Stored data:
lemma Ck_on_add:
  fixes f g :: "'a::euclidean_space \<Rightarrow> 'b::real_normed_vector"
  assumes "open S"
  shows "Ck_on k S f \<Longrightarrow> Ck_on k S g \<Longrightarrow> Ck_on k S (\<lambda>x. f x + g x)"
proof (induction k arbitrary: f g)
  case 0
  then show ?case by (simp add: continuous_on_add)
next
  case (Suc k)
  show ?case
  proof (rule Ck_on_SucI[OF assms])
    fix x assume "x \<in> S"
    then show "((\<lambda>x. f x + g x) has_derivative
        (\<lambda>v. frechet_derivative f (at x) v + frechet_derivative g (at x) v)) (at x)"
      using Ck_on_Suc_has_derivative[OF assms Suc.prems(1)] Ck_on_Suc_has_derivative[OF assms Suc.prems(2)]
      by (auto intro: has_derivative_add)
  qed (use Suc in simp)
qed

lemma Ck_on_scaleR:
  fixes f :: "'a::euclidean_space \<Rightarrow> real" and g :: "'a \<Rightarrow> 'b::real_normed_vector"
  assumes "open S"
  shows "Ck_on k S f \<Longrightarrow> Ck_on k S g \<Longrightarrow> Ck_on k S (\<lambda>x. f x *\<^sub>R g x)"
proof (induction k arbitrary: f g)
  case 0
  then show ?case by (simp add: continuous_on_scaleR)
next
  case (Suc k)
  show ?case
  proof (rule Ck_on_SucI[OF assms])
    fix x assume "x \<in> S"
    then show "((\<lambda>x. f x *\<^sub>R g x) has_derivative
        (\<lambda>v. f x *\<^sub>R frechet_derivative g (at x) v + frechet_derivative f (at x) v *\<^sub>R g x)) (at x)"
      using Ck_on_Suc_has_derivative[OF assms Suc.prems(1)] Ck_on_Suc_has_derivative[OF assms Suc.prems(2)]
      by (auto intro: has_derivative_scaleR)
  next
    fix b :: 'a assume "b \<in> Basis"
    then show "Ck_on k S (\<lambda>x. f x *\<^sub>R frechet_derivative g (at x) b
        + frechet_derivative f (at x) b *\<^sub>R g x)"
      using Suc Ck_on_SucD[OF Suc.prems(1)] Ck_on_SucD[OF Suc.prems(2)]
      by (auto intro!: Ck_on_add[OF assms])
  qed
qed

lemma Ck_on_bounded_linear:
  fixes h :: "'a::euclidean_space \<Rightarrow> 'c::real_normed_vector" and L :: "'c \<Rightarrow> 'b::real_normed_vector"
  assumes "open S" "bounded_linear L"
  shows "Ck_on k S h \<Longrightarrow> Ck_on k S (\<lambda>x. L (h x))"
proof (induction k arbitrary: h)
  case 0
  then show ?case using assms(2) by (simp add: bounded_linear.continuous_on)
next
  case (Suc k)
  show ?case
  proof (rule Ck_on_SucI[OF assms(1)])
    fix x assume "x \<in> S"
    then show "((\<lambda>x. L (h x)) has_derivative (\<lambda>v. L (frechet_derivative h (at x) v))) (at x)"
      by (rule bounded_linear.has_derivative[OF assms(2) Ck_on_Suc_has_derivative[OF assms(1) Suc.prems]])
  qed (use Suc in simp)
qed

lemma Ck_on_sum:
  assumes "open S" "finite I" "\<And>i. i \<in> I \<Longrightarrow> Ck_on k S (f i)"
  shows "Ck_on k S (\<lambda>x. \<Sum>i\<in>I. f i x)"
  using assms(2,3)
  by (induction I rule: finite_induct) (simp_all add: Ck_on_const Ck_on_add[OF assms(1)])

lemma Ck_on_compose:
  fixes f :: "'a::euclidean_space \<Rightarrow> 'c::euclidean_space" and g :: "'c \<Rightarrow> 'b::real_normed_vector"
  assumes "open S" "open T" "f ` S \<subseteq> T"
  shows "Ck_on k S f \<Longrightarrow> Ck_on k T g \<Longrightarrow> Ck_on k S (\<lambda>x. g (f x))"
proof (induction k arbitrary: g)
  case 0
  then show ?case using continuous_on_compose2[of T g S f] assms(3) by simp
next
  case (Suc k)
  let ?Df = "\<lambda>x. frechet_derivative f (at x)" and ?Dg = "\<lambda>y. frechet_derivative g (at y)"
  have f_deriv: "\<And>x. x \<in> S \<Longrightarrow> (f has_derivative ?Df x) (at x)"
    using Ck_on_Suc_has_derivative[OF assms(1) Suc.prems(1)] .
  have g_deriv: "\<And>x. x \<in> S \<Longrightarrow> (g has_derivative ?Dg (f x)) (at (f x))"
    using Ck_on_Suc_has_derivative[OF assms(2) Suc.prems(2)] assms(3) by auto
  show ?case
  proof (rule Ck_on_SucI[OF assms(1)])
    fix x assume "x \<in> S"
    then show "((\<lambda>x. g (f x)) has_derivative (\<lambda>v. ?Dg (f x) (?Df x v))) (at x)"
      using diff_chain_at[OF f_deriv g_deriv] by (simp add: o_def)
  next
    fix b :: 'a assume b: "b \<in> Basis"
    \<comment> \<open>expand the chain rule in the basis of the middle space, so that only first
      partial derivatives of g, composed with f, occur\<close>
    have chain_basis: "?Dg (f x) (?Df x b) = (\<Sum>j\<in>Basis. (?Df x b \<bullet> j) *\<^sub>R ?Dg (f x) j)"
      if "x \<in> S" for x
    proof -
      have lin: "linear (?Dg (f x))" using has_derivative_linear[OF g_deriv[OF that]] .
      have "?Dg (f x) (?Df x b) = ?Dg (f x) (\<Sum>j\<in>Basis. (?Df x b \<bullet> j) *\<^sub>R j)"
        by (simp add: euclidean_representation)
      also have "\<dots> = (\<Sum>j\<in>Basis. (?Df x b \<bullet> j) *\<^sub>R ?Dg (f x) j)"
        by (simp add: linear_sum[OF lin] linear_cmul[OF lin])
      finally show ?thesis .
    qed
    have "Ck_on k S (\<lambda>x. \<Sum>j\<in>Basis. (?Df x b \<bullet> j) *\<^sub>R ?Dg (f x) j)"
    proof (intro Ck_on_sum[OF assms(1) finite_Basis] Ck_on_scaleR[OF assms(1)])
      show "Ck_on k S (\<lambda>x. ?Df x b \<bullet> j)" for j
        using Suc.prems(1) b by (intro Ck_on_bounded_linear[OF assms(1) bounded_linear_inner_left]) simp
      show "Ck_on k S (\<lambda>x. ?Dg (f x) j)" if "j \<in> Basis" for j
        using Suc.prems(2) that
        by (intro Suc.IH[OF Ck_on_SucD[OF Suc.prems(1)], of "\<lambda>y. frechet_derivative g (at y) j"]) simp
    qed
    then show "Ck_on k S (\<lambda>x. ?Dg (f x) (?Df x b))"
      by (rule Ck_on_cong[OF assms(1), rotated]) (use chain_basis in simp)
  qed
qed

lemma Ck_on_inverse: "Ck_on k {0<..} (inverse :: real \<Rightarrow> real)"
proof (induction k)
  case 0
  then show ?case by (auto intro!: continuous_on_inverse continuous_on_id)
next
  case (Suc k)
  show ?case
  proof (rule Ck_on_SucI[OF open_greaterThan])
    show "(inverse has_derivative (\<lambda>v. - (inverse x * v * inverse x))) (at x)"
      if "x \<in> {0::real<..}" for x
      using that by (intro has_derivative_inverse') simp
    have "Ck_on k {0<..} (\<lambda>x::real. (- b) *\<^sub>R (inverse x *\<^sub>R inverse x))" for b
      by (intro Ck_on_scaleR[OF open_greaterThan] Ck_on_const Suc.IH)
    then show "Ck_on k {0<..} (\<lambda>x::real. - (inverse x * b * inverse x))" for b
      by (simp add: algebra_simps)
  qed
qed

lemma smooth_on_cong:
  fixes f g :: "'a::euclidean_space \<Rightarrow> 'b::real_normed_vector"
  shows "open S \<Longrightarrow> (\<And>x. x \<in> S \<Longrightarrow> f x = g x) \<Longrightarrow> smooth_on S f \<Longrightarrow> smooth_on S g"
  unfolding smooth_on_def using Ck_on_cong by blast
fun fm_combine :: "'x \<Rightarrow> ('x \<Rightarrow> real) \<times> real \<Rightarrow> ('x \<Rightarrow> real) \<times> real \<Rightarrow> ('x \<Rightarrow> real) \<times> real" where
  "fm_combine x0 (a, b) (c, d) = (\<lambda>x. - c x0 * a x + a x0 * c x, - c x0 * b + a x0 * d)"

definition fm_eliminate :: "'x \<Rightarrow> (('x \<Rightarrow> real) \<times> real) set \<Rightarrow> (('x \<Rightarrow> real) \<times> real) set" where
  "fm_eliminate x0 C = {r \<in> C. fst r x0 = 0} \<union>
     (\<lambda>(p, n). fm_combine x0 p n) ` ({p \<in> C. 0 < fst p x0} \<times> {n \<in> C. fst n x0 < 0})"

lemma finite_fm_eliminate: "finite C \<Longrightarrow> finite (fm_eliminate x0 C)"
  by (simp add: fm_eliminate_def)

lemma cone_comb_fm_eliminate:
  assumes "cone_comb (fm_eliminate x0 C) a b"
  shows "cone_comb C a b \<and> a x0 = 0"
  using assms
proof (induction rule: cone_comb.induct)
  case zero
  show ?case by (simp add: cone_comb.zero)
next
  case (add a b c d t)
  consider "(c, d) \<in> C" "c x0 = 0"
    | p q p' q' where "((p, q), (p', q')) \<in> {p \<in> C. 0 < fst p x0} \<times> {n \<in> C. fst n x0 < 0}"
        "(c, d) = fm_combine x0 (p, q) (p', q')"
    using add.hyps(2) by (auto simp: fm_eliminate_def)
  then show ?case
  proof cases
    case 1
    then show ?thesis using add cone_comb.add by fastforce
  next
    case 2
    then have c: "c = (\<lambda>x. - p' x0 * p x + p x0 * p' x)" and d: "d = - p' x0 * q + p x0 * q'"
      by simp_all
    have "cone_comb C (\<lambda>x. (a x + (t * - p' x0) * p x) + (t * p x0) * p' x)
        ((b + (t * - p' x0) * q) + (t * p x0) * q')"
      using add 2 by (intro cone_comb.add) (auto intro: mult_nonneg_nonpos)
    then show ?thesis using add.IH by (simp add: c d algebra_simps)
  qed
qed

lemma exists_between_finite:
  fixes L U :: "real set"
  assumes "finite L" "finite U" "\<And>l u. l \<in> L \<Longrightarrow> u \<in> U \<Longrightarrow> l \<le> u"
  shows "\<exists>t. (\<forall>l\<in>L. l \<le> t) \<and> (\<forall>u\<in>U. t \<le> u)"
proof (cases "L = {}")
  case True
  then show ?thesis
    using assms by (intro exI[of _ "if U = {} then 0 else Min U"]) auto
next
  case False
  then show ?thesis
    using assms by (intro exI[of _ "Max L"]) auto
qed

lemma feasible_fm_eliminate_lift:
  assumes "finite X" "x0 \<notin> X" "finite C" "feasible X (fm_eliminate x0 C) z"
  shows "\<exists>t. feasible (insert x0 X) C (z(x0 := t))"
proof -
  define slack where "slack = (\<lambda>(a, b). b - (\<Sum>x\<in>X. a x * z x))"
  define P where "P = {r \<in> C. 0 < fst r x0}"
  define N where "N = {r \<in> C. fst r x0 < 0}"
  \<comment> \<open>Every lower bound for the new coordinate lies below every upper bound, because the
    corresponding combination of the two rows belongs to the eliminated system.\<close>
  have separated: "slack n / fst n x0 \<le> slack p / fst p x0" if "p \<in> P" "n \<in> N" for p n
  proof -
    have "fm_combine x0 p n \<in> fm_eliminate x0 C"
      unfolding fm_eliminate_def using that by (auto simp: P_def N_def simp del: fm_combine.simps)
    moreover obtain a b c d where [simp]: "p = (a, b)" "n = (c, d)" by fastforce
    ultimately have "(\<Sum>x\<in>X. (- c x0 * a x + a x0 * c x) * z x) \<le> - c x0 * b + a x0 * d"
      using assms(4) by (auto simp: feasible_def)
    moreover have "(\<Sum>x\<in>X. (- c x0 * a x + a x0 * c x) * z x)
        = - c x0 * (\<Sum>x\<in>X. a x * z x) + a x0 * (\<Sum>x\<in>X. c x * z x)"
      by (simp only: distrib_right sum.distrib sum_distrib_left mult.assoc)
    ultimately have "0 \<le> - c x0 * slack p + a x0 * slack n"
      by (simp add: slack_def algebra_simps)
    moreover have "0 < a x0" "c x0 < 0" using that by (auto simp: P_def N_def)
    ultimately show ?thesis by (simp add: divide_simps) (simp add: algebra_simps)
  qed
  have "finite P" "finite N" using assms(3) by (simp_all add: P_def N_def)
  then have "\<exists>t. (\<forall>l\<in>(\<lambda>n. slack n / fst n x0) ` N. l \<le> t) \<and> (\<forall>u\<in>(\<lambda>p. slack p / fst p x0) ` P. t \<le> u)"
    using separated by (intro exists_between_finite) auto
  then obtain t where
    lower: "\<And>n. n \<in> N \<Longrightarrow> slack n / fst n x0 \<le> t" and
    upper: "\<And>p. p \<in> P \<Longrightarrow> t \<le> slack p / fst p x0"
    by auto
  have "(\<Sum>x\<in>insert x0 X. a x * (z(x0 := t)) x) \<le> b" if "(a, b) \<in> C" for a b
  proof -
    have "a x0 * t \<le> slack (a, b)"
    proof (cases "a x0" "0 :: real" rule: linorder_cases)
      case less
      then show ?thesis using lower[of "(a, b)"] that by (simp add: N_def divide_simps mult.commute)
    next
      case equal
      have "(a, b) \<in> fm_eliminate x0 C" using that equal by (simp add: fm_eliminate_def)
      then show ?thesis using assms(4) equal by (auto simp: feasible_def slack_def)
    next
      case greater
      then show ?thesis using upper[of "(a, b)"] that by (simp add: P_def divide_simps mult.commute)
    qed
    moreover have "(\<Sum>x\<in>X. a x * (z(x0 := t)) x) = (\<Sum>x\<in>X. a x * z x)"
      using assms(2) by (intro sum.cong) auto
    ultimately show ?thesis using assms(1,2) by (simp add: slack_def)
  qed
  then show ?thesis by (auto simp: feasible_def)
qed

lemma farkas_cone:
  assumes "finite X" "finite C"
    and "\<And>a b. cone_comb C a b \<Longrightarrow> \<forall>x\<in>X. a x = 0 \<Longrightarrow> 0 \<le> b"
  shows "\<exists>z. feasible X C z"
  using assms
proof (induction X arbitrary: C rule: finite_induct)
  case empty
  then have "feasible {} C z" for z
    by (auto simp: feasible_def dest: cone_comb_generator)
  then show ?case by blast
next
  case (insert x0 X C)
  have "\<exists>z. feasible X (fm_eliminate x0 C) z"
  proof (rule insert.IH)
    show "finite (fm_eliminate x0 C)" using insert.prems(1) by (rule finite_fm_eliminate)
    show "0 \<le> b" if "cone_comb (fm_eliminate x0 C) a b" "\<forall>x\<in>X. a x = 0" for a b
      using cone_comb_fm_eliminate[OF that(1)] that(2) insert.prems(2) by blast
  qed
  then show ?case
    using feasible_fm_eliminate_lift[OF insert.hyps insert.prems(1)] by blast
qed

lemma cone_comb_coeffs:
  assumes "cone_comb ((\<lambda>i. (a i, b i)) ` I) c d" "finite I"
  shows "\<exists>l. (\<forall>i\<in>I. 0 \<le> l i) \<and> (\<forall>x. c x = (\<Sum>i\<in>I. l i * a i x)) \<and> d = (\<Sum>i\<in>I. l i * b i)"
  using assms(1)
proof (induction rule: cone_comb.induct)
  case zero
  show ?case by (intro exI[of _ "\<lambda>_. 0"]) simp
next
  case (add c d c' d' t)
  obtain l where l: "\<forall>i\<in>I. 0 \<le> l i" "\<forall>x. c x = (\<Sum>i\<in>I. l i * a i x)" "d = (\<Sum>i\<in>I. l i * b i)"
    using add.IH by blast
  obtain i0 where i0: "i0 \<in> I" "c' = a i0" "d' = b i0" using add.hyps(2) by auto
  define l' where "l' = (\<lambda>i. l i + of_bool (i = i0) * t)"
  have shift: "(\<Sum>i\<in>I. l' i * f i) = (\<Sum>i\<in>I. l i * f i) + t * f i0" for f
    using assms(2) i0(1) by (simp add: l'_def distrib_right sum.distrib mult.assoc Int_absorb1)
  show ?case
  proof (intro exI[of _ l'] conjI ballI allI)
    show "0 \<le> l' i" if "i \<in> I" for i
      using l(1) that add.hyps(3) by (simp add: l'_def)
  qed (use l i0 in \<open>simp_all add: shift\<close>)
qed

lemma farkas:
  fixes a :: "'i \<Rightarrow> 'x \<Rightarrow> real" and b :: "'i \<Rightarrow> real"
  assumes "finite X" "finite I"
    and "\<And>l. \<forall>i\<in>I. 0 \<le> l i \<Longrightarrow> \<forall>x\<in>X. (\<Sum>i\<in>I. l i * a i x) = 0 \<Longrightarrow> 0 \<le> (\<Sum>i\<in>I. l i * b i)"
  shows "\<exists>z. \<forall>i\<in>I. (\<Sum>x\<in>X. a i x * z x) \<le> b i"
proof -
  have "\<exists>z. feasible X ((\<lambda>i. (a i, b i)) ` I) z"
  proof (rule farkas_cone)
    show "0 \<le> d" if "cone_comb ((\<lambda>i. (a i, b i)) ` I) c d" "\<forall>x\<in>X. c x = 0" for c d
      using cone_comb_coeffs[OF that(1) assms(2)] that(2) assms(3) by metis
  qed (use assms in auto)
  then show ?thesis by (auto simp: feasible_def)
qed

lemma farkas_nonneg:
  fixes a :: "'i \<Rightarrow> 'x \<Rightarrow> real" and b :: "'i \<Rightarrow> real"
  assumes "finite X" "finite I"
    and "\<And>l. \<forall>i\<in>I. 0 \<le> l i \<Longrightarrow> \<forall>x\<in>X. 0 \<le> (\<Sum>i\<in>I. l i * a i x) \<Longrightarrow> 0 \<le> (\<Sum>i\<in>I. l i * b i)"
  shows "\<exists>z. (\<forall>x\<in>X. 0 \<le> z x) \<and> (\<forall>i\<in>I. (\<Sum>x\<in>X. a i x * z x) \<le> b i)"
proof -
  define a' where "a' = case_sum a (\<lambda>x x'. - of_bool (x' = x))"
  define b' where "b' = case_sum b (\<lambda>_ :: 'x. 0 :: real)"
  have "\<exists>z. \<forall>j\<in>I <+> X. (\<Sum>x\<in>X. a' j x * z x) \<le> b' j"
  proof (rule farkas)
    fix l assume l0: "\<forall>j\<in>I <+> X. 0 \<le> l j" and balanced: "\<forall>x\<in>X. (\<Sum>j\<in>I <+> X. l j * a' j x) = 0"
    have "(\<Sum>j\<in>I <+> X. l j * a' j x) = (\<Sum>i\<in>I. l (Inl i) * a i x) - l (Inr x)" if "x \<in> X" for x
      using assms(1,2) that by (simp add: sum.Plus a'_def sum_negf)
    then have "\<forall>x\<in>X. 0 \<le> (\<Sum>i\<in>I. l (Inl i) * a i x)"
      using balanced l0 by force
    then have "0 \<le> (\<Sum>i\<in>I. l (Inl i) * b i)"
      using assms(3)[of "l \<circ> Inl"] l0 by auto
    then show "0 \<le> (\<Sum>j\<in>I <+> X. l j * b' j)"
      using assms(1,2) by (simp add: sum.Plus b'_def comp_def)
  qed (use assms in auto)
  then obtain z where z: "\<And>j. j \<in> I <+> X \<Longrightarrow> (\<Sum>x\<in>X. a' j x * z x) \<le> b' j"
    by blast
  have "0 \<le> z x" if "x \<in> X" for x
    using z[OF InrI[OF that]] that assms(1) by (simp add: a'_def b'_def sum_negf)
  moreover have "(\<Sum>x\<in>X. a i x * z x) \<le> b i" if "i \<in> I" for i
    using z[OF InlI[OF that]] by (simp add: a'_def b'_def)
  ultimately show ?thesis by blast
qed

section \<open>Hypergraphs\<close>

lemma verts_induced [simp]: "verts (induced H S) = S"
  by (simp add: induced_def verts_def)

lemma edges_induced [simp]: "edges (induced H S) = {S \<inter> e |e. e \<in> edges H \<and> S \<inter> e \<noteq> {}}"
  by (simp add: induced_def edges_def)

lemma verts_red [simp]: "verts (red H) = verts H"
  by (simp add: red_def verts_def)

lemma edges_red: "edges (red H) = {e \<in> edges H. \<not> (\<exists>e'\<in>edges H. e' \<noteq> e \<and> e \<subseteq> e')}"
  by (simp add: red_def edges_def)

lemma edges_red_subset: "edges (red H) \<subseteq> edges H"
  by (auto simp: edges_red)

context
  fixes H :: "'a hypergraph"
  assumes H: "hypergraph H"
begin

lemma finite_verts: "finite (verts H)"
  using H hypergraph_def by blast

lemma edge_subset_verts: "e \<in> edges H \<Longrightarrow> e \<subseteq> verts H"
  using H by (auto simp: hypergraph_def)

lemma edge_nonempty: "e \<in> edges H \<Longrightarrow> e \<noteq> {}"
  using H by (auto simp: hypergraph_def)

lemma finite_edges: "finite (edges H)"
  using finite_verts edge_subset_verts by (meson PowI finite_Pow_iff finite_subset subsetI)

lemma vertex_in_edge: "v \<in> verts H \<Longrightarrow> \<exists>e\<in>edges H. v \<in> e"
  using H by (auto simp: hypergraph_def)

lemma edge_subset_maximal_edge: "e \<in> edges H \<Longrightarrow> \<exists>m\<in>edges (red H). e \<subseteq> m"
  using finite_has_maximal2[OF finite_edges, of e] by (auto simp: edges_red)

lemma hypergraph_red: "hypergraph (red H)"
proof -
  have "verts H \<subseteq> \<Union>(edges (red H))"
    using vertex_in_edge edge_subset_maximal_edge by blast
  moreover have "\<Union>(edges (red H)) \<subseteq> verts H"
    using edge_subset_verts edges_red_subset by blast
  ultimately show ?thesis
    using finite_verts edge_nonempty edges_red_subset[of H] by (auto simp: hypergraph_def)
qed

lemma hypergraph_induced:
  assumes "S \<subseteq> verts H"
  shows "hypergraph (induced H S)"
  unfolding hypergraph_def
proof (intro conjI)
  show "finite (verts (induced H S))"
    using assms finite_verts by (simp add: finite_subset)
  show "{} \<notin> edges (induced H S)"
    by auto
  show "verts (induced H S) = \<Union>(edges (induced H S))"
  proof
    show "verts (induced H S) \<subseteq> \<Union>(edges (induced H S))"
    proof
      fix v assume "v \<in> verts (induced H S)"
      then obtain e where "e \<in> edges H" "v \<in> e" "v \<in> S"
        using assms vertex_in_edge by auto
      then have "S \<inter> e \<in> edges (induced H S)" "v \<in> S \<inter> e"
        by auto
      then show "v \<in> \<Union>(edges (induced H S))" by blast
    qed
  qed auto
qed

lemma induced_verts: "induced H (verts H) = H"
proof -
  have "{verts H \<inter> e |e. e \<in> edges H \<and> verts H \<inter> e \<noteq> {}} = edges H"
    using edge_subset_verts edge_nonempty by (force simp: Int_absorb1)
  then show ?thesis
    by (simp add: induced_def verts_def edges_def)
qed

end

:: Activity ::
From the records above, quote only the lines running from the line with "frechet_derivative g (at x) b" to the line with "by (auto intro!: Ck_on_add[OF assms])", both lines included.

:: Task output ::
    then show "Ck_on k S (\<lambda>x. f x *\<^sub>R frechet_derivative g (at x) b
        + frechet_derivative f (at x) b *\<^sub>R g x)"
      using Suc Ck_on_SucD[OF Suc.prems(1)] Ck_on_SucD[OF Suc.prems(2)]
      by (auto intro!: Ck_on_add[OF assms])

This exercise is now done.